1. Introduction
In the world today, lung cancer is still among the most prevalent cancer kinds. For this reason, in the medical world, early lung cancer detection and treatment are crucial. In today's developing era of artificial intelligence, it is possible to attempt an initial assessment of whether a patient has lung cancer based on different characteristics exhibited by the patient through models [1]. This not only allows patients to perform simple self-checks through the release of the model but also provides the medical community with a large amount of data of research value.
As artificial intelligence continues to develop, artificial intelligence (AI) has also begun to be applied [2]. Convolutional and recurrent neural networks, when paired with AI-based techniques, may be particularly useful in 2022 for increasing the precision of lung cancer prediction, as Chen et al [3]. In 2020, Alexander and others utilized an artificial intelligence matching system that could screen cancer patients efficiently and accurately [4]. Wu and colleagues, meantime, demonstrated how an AI-assisted system can be a useful and successful method to get around the difficulties associated with the Programmed Death-Ligand 1 evaluation [5]. Utilizing 3D deep learning techniques to process computed tomography (CT) images, Li and his team carried out a retrospective study in China in 2019.Their AI system achieved 75% sensitivity, 82% specificity. This study provides more precise and unbiased results and reducing the interpretation time of radiologists in the diagnosis of pulmonary nodules [6]. In 2018, researchers from the United States, led by Choi, conducted a retrospective study using Support Vector Machines. These results demonstrate the potential of AI in significantly improving the accuracy of lung cancer detection [7]. The research of Baldwin and his team shows the Local Context Pooling - Convolutional Neural Network is better than Brock model [8]. Overall, these findings highlight the potential of AI in improving the accuracy and efficiency of lung cancer diagnosis, which will ultimately benefit both patients and healthcare professionals significantly.
Improve lung cancer patient screening by developing bidirectional Long Short-Term Memory (LSTM) and bidirectional Gated Recurrent Unit (GRU) models using the Lung Cancer dataset from Kaggle is the capital aim with extraordinary research value. This dataset encompasses 16 features related to patient symptoms and lung cancer status, offering a diverse range of symptoms to enhance model accuracy. The approach advances AI-driven healthcare by integrating sophisticated machine learning techniques to refine diagnostic capabilities [9].

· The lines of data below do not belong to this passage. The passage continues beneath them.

lemma equivalent_problemsI:
  fixes P :: "'h \<Rightarrow> real"
  assumes P_emb: "\<And>\<alpha> \<beta>. P (emb \<alpha> \<beta>) = Q \<alpha> \<beta>"
    and dominated: "\<And>f. \<exists>\<alpha> \<beta>. P (emb \<alpha> \<beta>) \<le> P f"
    and bounded: "bdd_below (range P)"
  shows "equivalent_problems P Q emb"
proof -
  let ?Q = "\<lambda>pq. Q (fst pq) (snd pq)"
  have Q_eq: "?Q pq = P (emb (fst pq) (snd pq))" for pq
    by (simp add: P_emb)
  have bounded_Q: "bdd_below (range ?Q)"
    using bounded by (auto simp: Q_eq bdd_below_def)
  have "(INF f. P f) \<le> (INF pq. ?Q pq)"
    by (rule cINF_greatest) (auto simp: Q_eq intro: cINF_lower[OF bounded])
  moreover have "(INF pq. ?Q pq) \<le> (INF f. P f)"
  proof (rule cINF_greatest)
    fix f
    obtain \<alpha> \<beta> where "P (emb \<alpha> \<beta>) \<le> P f"
      using dominated by blast
    moreover have "(INF pq. ?Q pq) \<le> ?Q (\<alpha>, \<beta>)"
      by (rule cINF_lower[OF bounded_Q]) simp
    ultimately show "(INF pq. ?Q pq) \<le> P f"
      by (simp add: P_emb)
  qed simp
  moreover have "(\<forall>\<alpha>' \<beta>'. Q \<alpha> \<beta> \<le> Q \<alpha>' \<beta>') \<longleftrightarrow> (\<forall>g. P (emb \<alpha> \<beta>) \<le> P g)" for \<alpha> \<beta>
    using dominated by (metis P_emb order_trans)
  ultimately show ?thesis
    unfolding equivalent_problems_def by auto
qed

lemma inner_f_ab_left:
  "inner (f_ab kx dk n xs \<alpha> \<beta>) g =
     (\<Sum>i<n. \<alpha> i * inner (kx (xs i)) g) + (\<Sum>i<n. \<Sum>a\<in>UNIV. \<beta> a i * inner (dk a (xs i)) g)"
  by (simp add: f_ab_def inner_add_left inner_sum_left)

lemma inner_f_ab_right:
  "inner g (f_ab kx dk n xs \<alpha> \<beta>) =
     (\<Sum>i<n. \<alpha> i * inner g (kx (xs i))) + (\<Sum>i<n. \<Sum>a\<in>UNIV. \<beta> a i * inner g (dk a (xs i)))"
  by (simp add: f_ab_def inner_add_right inner_sum_right)

lemma subspace_range_f_ab: "subspace (range (case_prod (f_ab kx dk n xs)))"
  unfolding subspace_def
proof (intro conjI ballI allI)
  have "f_ab kx dk n xs (\<lambda>i. 0) (\<lambda>a i. 0) = 0"
    by (simp add: f_ab_def)
  then show "0 \<in> range (case_prod (f_ab kx dk n xs))"
    by (metis case_prod_conv rangeI)
next
  fix x y
  assume "x \<in> range (case_prod (f_ab kx dk n xs))" "y \<in> range (case_prod (f_ab kx dk n xs))"
  then obtain \<alpha> \<beta> \<alpha>' \<beta>' where "x = f_ab kx dk n xs \<alpha> \<beta>" "y = f_ab kx dk n xs \<alpha>' \<beta>'"
    by auto
  then have "x + y = f_ab kx dk n xs (\<lambda>i. \<alpha> i + \<alpha>' i) (\<lambda>a i. \<beta> a i + \<beta>' a i)"
    by (simp add: f_ab_def scaleR_add_left sum.distrib algebra_simps)
  then show "x + y \<in> range (case_prod (f_ab kx dk n xs))"
    by (metis case_prod_conv rangeI)
next
  fix c x
  assume "x \<in> range (case_prod (f_ab kx dk n xs))"
  then obtain \<alpha> \<beta> where "x = f_ab kx dk n xs \<alpha> \<beta>"
    by auto
  then have "c *\<^sub>R x = f_ab kx dk n xs (\<lambda>i. c * \<alpha> i) (\<lambda>a i. c * \<beta> a i)"
    by (simp add: f_ab_def scaleR_add_right scaleR_sum_right)
  then show "c *\<^sub>R x \<in> range (case_prod (f_ab kx dk n xs))"
    by (metis case_prod_conv rangeI)
qed

lemma kx_in_range_f_ab:
  assumes "i < n"
  shows "kx (xs i) \<in> range (case_prod (f_ab kx dk n xs))"
proof -
  have "kx (xs i) = f_ab kx dk n xs (\<lambda>j. if j = i then 1 else 0) (\<lambda>a j. 0)"
    using assms by (simp add: f_ab_def if_distrib[of "\<lambda>c. c *\<^sub>R _"] cong: if_cong)
  then show ?thesis
    by (metis case_prod_conv rangeI)
qed

lemma dk_in_range_f_ab:
  assumes "i < n"
  shows "dk b (xs i) \<in> range (case_prod (f_ab kx dk n xs))"
proof -
  have "(\<Sum>j<n. \<Sum>a\<in>UNIV. (if a = b \<and> j = i then 1 else 0) *\<^sub>R dk a (xs j))
      = (\<Sum>j<n. if j = i then dk b (xs i) else 0)"
    by (intro sum.cong refl) (auto simp: if_distrib[of "\<lambda>c. c *\<^sub>R _"] cong: if_cong)
  then have "dk b (xs i) = f_ab kx dk n xs (\<lambda>j. 0) (\<lambda>a j. if a = b \<and> j = i then 1 else 0)"
    using assms by (simp add: f_ab_def)
  then show ?thesis
    by (metis case_prod_conv rangeI)
qed

locale rkhs_with_derivatives =
  fixes X :: "(real^'d::finite) set"
    and k :: "real^'d \<Rightarrow> real^'d \<Rightarrow> real"
    and ev :: "'h::real_inner \<Rightarrow> real^'d \<Rightarrow> real"
    and kx :: "real^'d \<Rightarrow> 'h"
    and dk :: "'d \<Rightarrow> real^'d \<Rightarrow> 'h"
  assumes open_domain: "open X"
    and kernel_symmetric: "\<And>s r. s \<in> X \<Longrightarrow> r \<in> X \<Longrightarrow> k s r = k r s"
    and rkhs: "is_rkhs X k ev kx dk"
begin

lemma inner_kx: "x \<in> X \<Longrightarrow> inner (kx x) f = ev f x"
  using rkhs by (simp add: is_rkhs_def)

lemma inner_dk: "x \<in> X \<Longrightarrow> inner (dk a x) f = partial a (ev f) x"
  using rkhs by (simp add: is_rkhs_def)

lemma inner_kx_kx: "x \<in> X \<Longrightarrow> x' \<in> X \<Longrightarrow> inner (kx x) (kx x') = k x x'"
  using rkhs kernel_symmetric by (simp add: is_rkhs_def inner_kx)

lemma inner_kx_dk: "x \<in> X \<Longrightarrow> x' \<in> X \<Longrightarrow> inner (kx x') (dk a x) = partial a (\<lambda>s. k s x') x"
  using rkhs by (simp add: is_rkhs_def inner_kx)
(* For $\phi\in L^\infty$, the operator $V_\phi$ is hyponormal (i.e. $\|V_\phi^*f\|\le\|V_\phi f\|$ for all $f\in H^2$) if and only if $\phi=0$.
   Context: $L^2=L^2(\mathbb{T})$ with orthonormal basis $e_n(z)=z^n$, $n\in\mathbb{Z}$; $H^2$ is the closed span of $\{e_n\}_{n\ge0}$, $P:L^2\to H^2$ the orthogonal projection, $M_\phi$ multiplication by $\phi$. $W:L^2\to L^2$: $We_n=e_{n/2}$ for $n$ even, $0$ for $n$ odd. $K:H^2\to L^2$: $Ke_{2n}=e_n$, $Ke_{2n+1}=e_{-n-1}$ ($n\ge0$). The slant H-Toeplitz operator is $V_\phi=WPM_\phi K:H^2\to H^2$. *)

theory Defs
  imports "HOL-Analysis.Analysis"
begin

text \<open>L^2(T) is identified with l^2(Z) via the orthonormal basis e_n(z) = z^n,
  i.e. an element of L^2 is represented by its coefficient sequence h :: int => complex.
  H^2 is identified with l^2(N) (coefficients of e_n, n >= 0).
  A symbol phi : T -> C is a function complex => complex evaluated on the unit circle
  via z = cis t, t in [0, 2 pi].\<close>

definition H2 :: "(nat \<Rightarrow> complex) set" where
  "H2 = {c. summable (\<lambda>n. (norm (c n))\<^sup>2)}"

definition H2_norm :: "(nat \<Rightarrow> complex) \<Rightarrow> real" where
  "H2_norm c = sqrt (\<Sum>n. (norm (c n))\<^sup>2)"

definition H2_inner :: "(nat \<Rightarrow> complex) \<Rightarrow> (nat \<Rightarrow> complex) \<Rightarrow> complex" where
  "H2_inner c d = (\<Sum>n. c n * cnj (d n))"

definition Linf :: "(complex \<Rightarrow> complex) \<Rightarrow> bool" where
  "Linf \<phi> \<longleftrightarrow> set_borel_measurable lborel {0..2*pi} (\<lambda>t. \<phi> (cis t)) \<and>
     (\<exists>C. AE t in lborel. t \<in> {0..2*pi} \<longrightarrow> norm (\<phi> (cis t)) \<le> C)"

definition Linf_zero :: "(complex \<Rightarrow> complex) \<Rightarrow> bool" where
  "Linf_zero \<phi> \<longleftrightarrow> (AE t in lborel. t \<in> {0..2*pi} \<longrightarrow> \<phi> (cis t) = 0)"

definition fourier_coeff :: "(complex \<Rightarrow> complex) \<Rightarrow> int \<Rightarrow> complex" where
  "fourier_coeff \<phi> k =
     (LINT t:{0..2*pi}|lborel. \<phi> (cis t) * cis (- (of_int k * t))) / (2 * pi)"

text \<open>K : H^2 -> L^2,  K e_{2n} = e_n,  K e_{2n+1} = e_{-n-1}.\<close>
definition Kop :: "(nat \<Rightarrow> complex) \<Rightarrow> (int \<Rightarrow> complex)" where
  "Kop c = (\<lambda>m. if m \<ge> 0 then c (2 * nat m) else c (2 * nat (- m - 1) + 1))"

text \<open>M_phi in the basis e_n: the Laurent matrix (a_{j-m}).\<close>
definition Mop :: "(complex \<Rightarrow> complex) \<Rightarrow> (int \<Rightarrow> complex) \<Rightarrow> (int \<Rightarrow> complex)" where
  "Mop \<phi> g = (\<lambda>j. \<Sum>\<^sub>\<infinity>m. fourier_coeff \<phi> (j - m) * g m)"
(* Let $1\le m\le n-1$, let $A\otimes B\in Y$, and let $\gamma\in\mathrm{GL}_{m(n-m)}(\mathbb{Z})$ be such that $(A\otimes B)\gamma\in Y$. Then $\gamma=\gamma_m\otimes\gamma_{n-m}$ with $\gamma_m\in\mathrm{GL}_m(\mathbb{Z})$ and $\gamma_{n-m}\in\mathrm{GL}_{n-m}(\mathbb{Z})$.
   Context: $Y=\{A\otimes B: A\in\mathrm{Mat}_{n\times m}(\mathbb{R}),B\in\mathrm{Mat}_{n\times(n-m)}(\mathbb{R})$ of full rank, column space of $A$ orthogonal to column space of $B\}$, where $A\otimes B=(a_{ij}B)_{i,j}$ denotes the Kronecker product (an $n^2\times m(n-m)$ matrix); similarly $\gamma_m\otimes\gamma_{n-m}$ is the Kronecker product. *)

theory Defs
  imports "Jordan_Normal_Form.DL_Rank"
begin

definition kron_mat :: "'a :: times mat \<Rightarrow> 'a mat \<Rightarrow> 'a mat" where
  "kron_mat A B = mat (dim_row A * dim_row B) (dim_col A * dim_col B)
     (\<lambda>(i, j). A $$ (i div dim_row B, j div dim_col B) * B $$ (i mod dim_row B, j mod dim_col B))"

definition full_rank :: "nat \<Rightarrow> real mat \<Rightarrow> bool" where
  "full_rank n A \<longleftrightarrow> vec_space.rank n A = min (dim_row A) (dim_col A)"

definition col_orth :: "real mat \<Rightarrow> real mat \<Rightarrow> bool" where
  "col_orth A B \<longleftrightarrow> (\<forall>i < dim_col A. \<forall>j < dim_col B. col A i \<bullet> col B j = 0)"

definition Y_set :: "nat \<Rightarrow> nat \<Rightarrow> real mat set" where
  "Y_set n m = {kron_mat A B | A B. A \<in> carrier_mat n m \<and> B \<in> carrier_mat n (n - m)
      \<and> full_rank n A \<and> full_rank n B \<and> col_orth A B}"

definition GL_int :: "nat \<Rightarrow> int mat set" where
  "GL_int k = {g. g \<in> carrier_mat k k \<and> invertible_mat g}"

end

theory Submission
  imports Defs
begin

(* Full column rank gives left inverses La, Lb of the factors of A0 (x) B0, so
   (A0 (x) B0) g = A1 (x) B1 forces g = (La A1) (x) (Lb B1): over the reals, gamma and its inverse
   are Kronecker products.  An integer matrix of the form P (x) Q is a Kronecker product of integer
   matrices c P and Q / c, where the numerator of c is the positive generator of a subgroup of Z.
   Finally (gamma1 delta1) (x) (gamma2 delta2) = 1 gives gamma1 and gamma2 one-sided, hence
   two-sided, integral inverses. *)

lemma block_index_less:
  fixes i s m k :: nat
  assumes "i < m" "s < k"
  shows "i * k + s < m * k"
proof -
  have "i * k + s < Suc i * k" using assms by simp
  also have "\<dots> \<le> m * k" using assms by (intro mult_le_mono1) simp
  finally show ?thesis .
qed

lemma less_mult_imp_mod_less:
  fixes i a c :: nat
  shows "i < a * c \<Longrightarrow> i mod c < c"
  by (metis mod_less_divisor mult_0_right not_less_zero zero_less_iff_neq_zero)

lemma sum_lessThan_mult_div_mod:
  fixes g :: "nat \<Rightarrow> nat \<Rightarrow> 'a::comm_monoid_add"
  shows "(\<Sum>t<b * d. g (t div d) (t mod d)) = (\<Sum>s<b. \<Sum>u<d. g s u)"
proof -
  have "(\<Sum>t<b * d. g (t div d) (t mod d)) = (\<Sum>s<b. \<Sum>t\<in>{s * d..<s * d + d}. g (t div d) (t mod d))"
    by (rule sum.nat_group[symmetric])
  also have "\<dots> = (\<Sum>s<b. \<Sum>u<d. g s u)"
  proof (rule sum.cong[OF refl])
    fix s
    have "(\<Sum>t\<in>{s * d..<s * d + d}. g (t div d) (t mod d))
        = (\<Sum>u\<in>{0..<d}. g ((u + s * d) div d) ((u + s * d) mod d))"
      by (subst sum.shift_bounds_nat_ivl[symmetric]) (simp add: add.commute)
    also have "\<dots> = (\<Sum>u<d. g s u)"
      by (rule sum.cong) auto
    finally show "(\<Sum>t\<in>{s * d..<s * d + d}. g (t div d) (t mod d)) = (\<Sum>u<d. g s u)" .
  qed
  finally show ?thesis .
qed

lemma dim_kron_mat [simp]:
  "dim_row (kron_mat A B) = dim_row A * dim_row B"
  "dim_col (kron_mat A B) = dim_col A * dim_col B"
  unfolding kron_mat_def by auto

lemma kron_mat_carrier [simp]:
  "A \<in> carrier_mat a b \<Longrightarrow> B \<in> carrier_mat c d \<Longrightarrow> kron_mat A B \<in> carrier_mat (a * c) (b * d)"
  by auto

lemma index_kron_mat [simp]:
  "i < dim_row A * dim_row B \<Longrightarrow> j < dim_col A * dim_col B \<Longrightarrow>
    kron_mat A B $$ (i, j) = A $$ (i div dim_row B, j div dim_col B) * B $$ (i mod dim_row B, j mod dim_col B)"
  unfolding kron_mat_def by auto

lemma index_kron_mat_block:
  assumes "A \<in> carrier_mat m m'" "B \<in> carrier_mat k k'"
    and "i < m" "j < m'" "s < k" "t < k'"
  shows "kron_mat A B $$ (i * k + s, j * k' + t) = A $$ (i, j) * B $$ (s, t)"
  using assms block_index_less[of i m s k] block_index_less[of j m' t k'] by simp
theorem proposition2p3:
  fixes V :: "'a set" and E le :: "'a \<Rightarrow> 'a \<Rightarrow> bool"
    and tau phi :: "'a \<Rightarrow> real" and eps :: real
  assumes "finite_connected_graph V E"
    and "\<forall>v\<in>V. tau v \<ge> 0"
    and "0 < eps" and "eps \<le> 1/2"
    and "total_order_on V le"
    and "ereal (real (Mfun V E eps phi)) \<le> Lbound V E tau eps"
  shows "\<forall>v\<in>V.
           tau v - tau' V E tau v (rfun V E eps phi v) \<le> Tplus V E le tau eps phi v - phi v
         \<and> Tplus V E le tau eps phi v - phi v \<le> tau v
         \<and> tau v - eps / 2 \<le> Tplus V E le tau eps phi v - phi v
         \<and> Tplus V E le tau eps phi v - phi v = phi v - Tminus V E le tau eps phi v"
proof
  fix v assume v: "v \<in> V"
  have finV: "finite V" using assms(1) unfolding finite_connected_graph_def by auto
  have flat: "\<forall>v\<in>V. \<forall>w\<in>V. gdist E v w \<le> Mfun V E eps phi + 1 \<longrightarrow> tau v - tau w \<le> eps / 2"
    using Lbound_local_variation[OF finV assms(6)] by blast
  note bounds = Tplus_increment_bounds[OF assms(1,3,5) flat v]
  obtain w where w: "w \<in> V" "conn E eps phi v w" "cluster_floor V E eps phi tau v = tau w"
    using cluster_floor_attained[OF finV v] by blast
  have "tau v - tau w \<le> tau' V E tau v (rfun V E eps phi v)"
    using gdist_le_rfun[OF finV w(1,2)] by (rule tau'_ge[OF finV w(1)])
  moreover have "tau v - tau w \<le> eps / 2"
    using flat v w(1) gdist_le_Mfun[OF finV v w(1,2)] by simp
  ultimately show "tau v - tau' V E tau v (rfun V E eps phi v) \<le> Tplus V E le tau eps phi v - phi v
         \<and> Tplus V E le tau eps phi v - phi v \<le> tau v
         \<and> tau v - eps / 2 \<le> Tplus V E le tau eps phi v - phi v
         \<and> Tplus V E le tau eps phi v - phi v = phi v - Tminus V E le tau eps phi v"
    using bounds w(3) unfolding Tminus_def by auto
qed

end
lemma integral_tetrahedron_centroid_quadratic:
  fixes x1 x2 x3 x4 xT :: "real^3"
  assumes tet: "distinct [x1, x2, x3, x4]" "\<not> affine_dependent {x1, x2, x3, x4}"
    and xT: "xT = (1/4) *\<^sub>R (x1 + x2 + x3 + x4)"
    and L: "L = (norm (x1 - xT))\<^sup>2 + (norm (x2 - xT))\<^sup>2 + (norm (x3 - xT))\<^sup>2 + (norm (x4 - xT))\<^sup>2"
  shows "integral (convex hull {x1, x2, x3, x4}) (\<lambda>x. \<alpha> + \<beta> * (norm (x - xT))\<^sup>2)
    = measure lebesgue (convex hull {x1, x2, x3, x4}) * (\<alpha> + \<beta> * L / 20)"
proof -
  have second_moment:
    "((\<lambda>p. (norm (x1 + edge_map x1 x2 x3 x4 p - xT))\<^sup>2) has_integral L / 120) (convex hull (insert 0 Basis))"
    using has_integral_norm_sq_edge_map[of x1 x2 x3 x4 xT] unfolding centroid_sum_eq_0[OF xT] L by simp
  have "((\<lambda>p. \<alpha> + \<beta> * (norm (x1 + edge_map x1 x2 x3 x4 p - xT))\<^sup>2) has_integral \<alpha> / 6 + \<beta> * (L / 120))
      (convex hull (insert 0 Basis))"
    using has_integral_add[OF has_integral_const_std_simplex[of \<alpha>, where 'a = "real^3"]
        has_integral_mult_right[OF second_moment, of \<beta>]]
    by (simp add: fact_numeral)
  then show ?thesis
    unfolding measure_tetrahedron[OF tet]
    by (subst integral_tetrahedron[OF tet]) (auto intro!: continuous_intros simp: integral_unique field_simps)
qed

lemma ref_triangle_eq_std_simplex: "ref_triangle = convex hull (insert 0 Basis)"
  by (simp add: ref_triangle_def std_simplex_cart sum_2 forall_2)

The methodology involves four key steps: preprocessing the dataset for model compatibility, defining the model architecture with bidirectional LSTM and GRU layers, training the model for 50 epochs, and evaluating the model's performance. The results indicate an accuracy of 52.17%, with accuracy, recall, and F1 scores for both cancerous and non-cancerous categories approximating 50%. While the hybrid model demonstrates average performance, it provides a foundation for further refinement. Optimizing model parameters and exploring additional techniques to enhance prediction accuracy and clinical relevance should be done in the future.
2. Methodology
2.1. Dataset description and preprocessing
This dataset is sourced from Kaggle [10]. The dataset illustrates the diversity of lung cancer symptoms. It mainly includes three categories: patient demographic information, medical records, and clinical data. These three categories encompass a total of 16 features and lung cancer. Before training the model, it is necessary to preprocess the experimental data. Smoking is a major and nonnegligible risk factor for lung cancer, and the longer the smoking duration and the greater the amount of smoking, the higher the risk of lung cancer. Therefore, the feature of age multiplied by smoking is used to obtain the smoking duration as the 17th feature. Additionally, noise is added to the dataset and standardization is performed. To make the data conform to the input requirements of the LSTM model, it is also necessary to transform the data from two dimensions to three dimensions.
2.2. Proposed approach
The core of this study mainly focuses on combining traditional logistic regression problems with models capable of processing time series data, such as LSTM and GRU. This integration enables the model to extract context and better handle classification issues. The specific process shown is analyzed in Figure 1.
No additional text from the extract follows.